Sorry for not writing for a while, but I have been touring a lot in the last week promoting Anything for a Vote. Or at least taking the modern-day author's version of a tour--sitting in my bathrobe in my ancient desk chair up in my attic study talking to radio stations on the phone. Perhaps 50 in all, and my voice, a hoarse rasp, now reflects it.
But there is something wonderful about what they call a "Satellite Media Tour." Put on hold and inevitably listening to the local news for about a minute before talking to the host, one gets the sense of skimming across the country, just below the cloud cover. You hear about snow closings in New England, traffic snarls in New York, county road construction in Iowa, pouring rain in Portland. Of course, the commercials--there was Planned Parenthood in the east, Bible Belt church announcements in the West. Plus a lot of pitches for home real estate seminars, debt management, used cars, telephone sales--harbingers, perhaps, of a reeling economy.
Coming into the actual talk program there is usually a blast of rock music, a whoosh as if an airplane engine is taking off. On the more conservative stations, a particularly popular sound effect this week has been the clip of Hillary laughing, echoing endlessly, like The Wicked Witch of the West.

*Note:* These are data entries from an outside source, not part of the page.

(* Consider the following chemical reaction network (the ERK cascade with a negative feedback, in which MEK and ERK share the phosphatase PH) with 25 species RAF, pRAF, MEK, pMEK, ppMEK, ERK, pERK, ppERK, RAS, RAFPH, PH, PH2, RAS-RAF, MEK-pRAF, pMEK-pRAF, ERK-ppMEK, pERK-ppMEK, RAF-RAFPH, ppMEK-PH, pMEK-PH, ppERK-PH, pERK-PH, pRAF-ppERK, Z-PH2, Z and 36 reactions with rate constants $k_1,\dots,k_{36}$: RAF + RAS $\underset{k_2}{\overset{k_1}{\rightleftarrows}}$ RAS-RAF $\overset{k_3}{\to}$ pRAF + RAS; pRAF + RAFPH $\underset{k_5}{\overset{k_4}{\rightleftarrows}}$ RAF-RAFPH $\overset{k_6}{\to}$ RAF + RAFPH; MEK + pRAF $\underset{k_8}{\overset{k_7}{\rightleftarrows}}$ MEK-pRAF $\overset{k_9}{\to}$ pMEK + pRAF $\underset{k_{11}}{\overset{k_{10}}{\rightleftarrows}}$ pMEK-pRAF $\overset{k_{12}}{\to}$ ppMEK + pRAF; ppMEK + PH $\underset{k_{14}}{\overset{k_{13}}{\rightleftarrows}}$ ppMEK-PH $\overset{k_{15}}{\to}$ pMEK + PH $\underset{k_{17}}{\overset{k_{16}}{\rightleftarrows}}$ pMEK-PH $\overset{k_{18}}{\to}$ MEK + PH; ERK + ppMEK $\underset{k_{20}}{\overset{k_{19}}{\rightleftarrows}}$ ERK-ppMEK $\overset{k_{21}}{\to}$ pERK + ppMEK $\underset{k_{23}}{\overset{k_{22}}{\rightleftarrows}}$ pERK-ppMEK $\overset{k_{24}}{\to}$ ppERK + ppMEK; ppERK + PH $\underset{k_{26}}{\overset{k_{25}}{\rightleftarrows}}$ ppERK-PH $\overset{k_{27}}{\to}$ pERK + PH $\underset{k_{29}}{\overset{k_{28}}{\rightleftarrows}}$ pERK-PH $\overset{k_{30}}{\to}$ ERK + PH; pRAF + ppERK $\underset{k_{32}}{\overset{k_{31}}{\rightleftarrows}}$ pRAF-ppERK $\overset{k_{33}}{\to}$ Z + ppERK; Z + PH2 $\underset{k_{35}}{\overset{k_{34}}{\rightleftarrows}}$ Z-PH2 $\overset{k_{36}}{\to}$ pRAF + PH2. Then for every choice of positive rate constants $k\in\mathbb{R}^{36}_{>0}$, the associated mass-action system has toric steady states; in particular its steady state ideal is a binomial ideal.
   Context: For a reaction network with species concentrations $x=(x_1,\dots,x_s)$ and reactions $y\to y'$ (complexes $y,y'\in\mathbb{Z}_{\ge0}^s$, where a complex is a formal sum of species) with positive rate constants, the mass-action system is $\dot x = f(x;k)=\sum_{\text{reactions } y\to y'} k_{y\to y'}\, x^{y}(y'-y)$, whose components $f_1,\dots,f_s$ are polynomials in $x$. The steady state ideal is $J=\langle f_1,\dots,f_s\rangle\subseteq\mathbb{R}[x_1,\dots,x_s]$. The system has toric steady states if $J$ can be generated by binomials (polynomials with at most two terms) and $J$ admits nonnegative zeros. *)

theory Defs
  imports Complex_Main "HOL-Library.Poly_Mapping"
begin
(* For every instance $(d,\mathcal{C},k)$ of $k$-center and every execution of the reverse greedy algorithm on it (with any tie-breaking), the returned set $F_{n-k}$ satisfies $\mathrm{cost}(F_{n-k})\le 2k\cdot\mathrm{OPT}$; i.e., reverse greedy is a $2k$-approximation for $k$-center.
   Context: An instance of $k$-center consists of a finite metric space $(d,\mathcal{C})$ with $|\mathcal{C}|=n$ and an integer $k\ge 1$ with $k\le n$; every point is both a client and a potential facility. For nonempty $F\subseteq\mathcal{C}$, $d(c,F):=\min_{f\in F}d(c,f)$ and $\mathrm{cost}(F):=\max_{c\in\mathcal{C}}d(c,F)$; $\mathrm{OPT}$ is the minimum of $\mathrm{cost}(F)$ over $F\subseteq\mathcal{C}$ with $|F|\le k$. Reverse greedy: $F_0:=\mathcal{C}$, and for $i=1,\dots,n-k$, $F_i:=F_{i-1}\setminus\{f_i\}$ where $f_i\in\arg\min_{f\in F_{i-1}}\mathrm{cost}(F_{i-1}\setminus\{f\})$, ties broken arbitrarily; output $F_{n-k}$. *)

theory Defs
  imports Complex_Main
begin

definition metric_on :: "'a set \<Rightarrow> ('a \<Rightarrow> 'a \<Rightarrow> real) \<Rightarrow> bool" where
  "metric_on C d \<longleftrightarrow>
     (\<forall>x\<in>C. \<forall>y\<in>C. d x y \<ge> 0) \<and>
     (\<forall>x\<in>C. \<forall>y\<in>C. d x y = 0 \<longleftrightarrow> x = y) \<and>
     (\<forall>x\<in>C. \<forall>y\<in>C. d x y = d y x) \<and>
     (\<forall>x\<in>C. \<forall>y\<in>C. \<forall>z\<in>C. d x z \<le> d x y + d y z)"

definition dist_set :: "('a \<Rightarrow> 'a \<Rightarrow> real) \<Rightarrow> 'a \<Rightarrow> 'a set \<Rightarrow> real" where
  "dist_set d c F = Min ((\<lambda>f. d c f) ` F)"

definition kcost :: "'a set \<Rightarrow> ('a \<Rightarrow> 'a \<Rightarrow> real) \<Rightarrow> 'a set \<Rightarrow> real" where
  "kcost C d F = Max ((\<lambda>c. dist_set d c F) ` C)"
lemma has_real_derivative_Im_Li2_shift_div:
  assumes "d > 0" "x \<noteq> y"
  shows "((\<lambda>t. Im (Li2 (of_real (y - t) / (of_real y - \<i> * of_real d))))
    has_real_derivative (arctan (x / d) - arctan (y / d)) / (y - x)) (at x)"
proof -
  define Y where "Y = Complex y (- d)"
  have Y: "of_real y - \<i> * of_real d = Y" "Y \<noteq> 0"
    using assms by (auto simp: Y_def complex_eq_iff)
  define c where "c = of_real (y - x) / Y"
  have "Im c = (y - x) * d / (y^2 + d^2)"
    by (simp add: c_def Y_def Im_divide power2_eq_square)
  moreover have "y^2 + d^2 > 0" using assms by (simp add: add_nonneg_pos)
  ultimately have "Im c \<noteq> 0" using assms by simp
  then have c: "c \<in> slit_plane" "c \<noteq> 0" by (auto intro: nonreal_in_slit_plane)
  have dLi: "((\<lambda>z. Li2 ((of_real y - z) / Y)) has_field_derivative - Li2_integrand c * (- 1 / Y))
      (at (of_real x))"
  proof (rule DERIV_chain2[where f = Li2])
    show "(Li2 has_field_derivative - Li2_integrand c) (at ((of_real y - of_real x) / Y))"
      using has_field_derivative_Li2[OF c(1)] by (simp add: c_def)
    show "((\<lambda>z. (of_real y - z) / Y) has_field_derivative - 1 / Y) (at (of_real x))"
      using Y(2) by (auto intro!: derivative_eq_intros simp: field_simps)
  qed
  have "- Li2_integrand c * (- 1 / Y) = Ln (1 - c) / (c * Y)"
    using c(2) by (simp add: Li2_integrand_def)
  also have "c * Y = of_real (y - x)"
    using Y(2) by (simp add: c_def)
  finally have "((\<lambda>t. Im (Li2 ((of_real y - of_real t) / Y))) has_real_derivative
      Im (Ln (1 - c) / of_real (y - x))) (at x)"
    using has_field_derivative_Im[OF has_vector_derivative_real_field[OF dLi]] by simp
  moreover have "1 - c = (Y - of_real (y - x)) / Y"
    using Y(2) by (simp add: c_def field_simps)
  moreover have "Y - of_real (y - x) = Complex x (- d)"
    by (simp add: Y_def complex_eq_iff)
  moreover have "Complex x (- d) / Complex y (- d) \<noteq> 0"
    using assms by (metis Complex_eq_0 divide_eq_0_iff neg_0_equal_iff_equal order_less_irrefl)
  then have "Im (Ln (Complex x (- d) / Complex y (- d))) = arctan (x / d) - arctan (y / d)"
    by (metis Arg_eq_Im_Ln Arg_Complex_neg_Im_divide[OF assms(1)])
  ultimately show ?thesis
    using Y by (simp add: Y_def)
qed

lemma has_real_derivative_zfun:
  assumes D: "D > 0" and "y < x"
  shows "((\<lambda>t. zfun D t y) has_real_derivative 4 * D * ln (x - y) / (D^2 + 4 * x^2)) (at x)"
proof -
  define T where "T = arctan (2 * x / D) - arctan (2 * y / D)"
  have half: "u / (D / 2) = 2 * u / D" for u by simp
  have dIm: "((\<lambda>t. Im (Li2 (of_real (y - t) / (of_real y - \<i> * of_real (D / 2)))))
      has_real_derivative T / (y - x)) (at x)"
    using has_real_derivative_Im_Li2_shift_div[of "D / 2" x y, unfolded half] assms by (simp add: T_def)
  have dLn: "((\<lambda>t. 2 * ln (t - y) * (arctan (2 * t / D) - arctan (2 * y / D))) has_real_derivative
      2 * (1 / (x - y)) * T + 2 * ln (x - y) * (2 / D / (1 + (2 * x / D)^2))) (at x)"
    unfolding T_def using assms by (auto intro!: derivative_eq_intros simp: divide_inverse)
  have "2 * (1 / (x - y)) * T + 2 * (T / (y - x)) = 0"
    using assms by (simp add: field_simps)
  moreover have "2 / D / (1 + (2 * x / D)^2) = 2 * D / (D^2 + 4 * x^2)"
    using D by (simp add: field_simps power2_eq_square)
  ultimately have "2 * (1 / (x - y)) * T + 2 * ln (x - y) * (2 / D / (1 + (2 * x / D)^2)) + 2 * (T / (y - x))
      = 4 * D * ln (x - y) / (D^2 + 4 * x^2)"
    by (simp add: algebra_simps)
  then show ?thesis
    using DERIV_add[OF dLn DERIV_cmult[OF dIm, of 2]] unfolding zfun_def by simp
qed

But the hosts, whether liberal or conservative or ideologically neutral (at least professionally) were unfailingly interested and courteous, except for one national Fox radio personality whose name rhymes with "sow" and who acted like it (sorry, don't mean to insult pigs). And I had one poor host in Indiana who was horrified to learn that Davy Crockett was anything but a frontier hero of epic proportions (Davy was the Congressmen who, in 1836, infamously claimed that Martin Van Buren wore women's clothes).
But Super Tuesday had callers and hosts incredibly excited -- I have never seen so much interest in an American election campaign. Will Obama and Hillary destroy each other in their quest for victory? (There seems to be a longing in some liberal circles that the two, like squabbling spouses, unite and form one team, although there is little consensus on who would be Pres, who Vice-Pres.) Will John McCain, especially now that Mitt Romney has dropped out and Mike Huckabee made an unexpectedly strong showing, be able to placate the conservative wing of the party? On one station there was speculation about a third party run within the GOP, which caused me to relate an anecdote from 1912. Then, Teddy Roosevelt's Bull Moose candidacy split the Republican party in two, leading one Republican to quip: "The only question is, which corpse gets the flowers." (Woodrow Wilson's Democrats, naturally, won over a divided GOP.)
Back from radio tour of the country, I can only say that we've never seen an election like this one. There is so much more to come.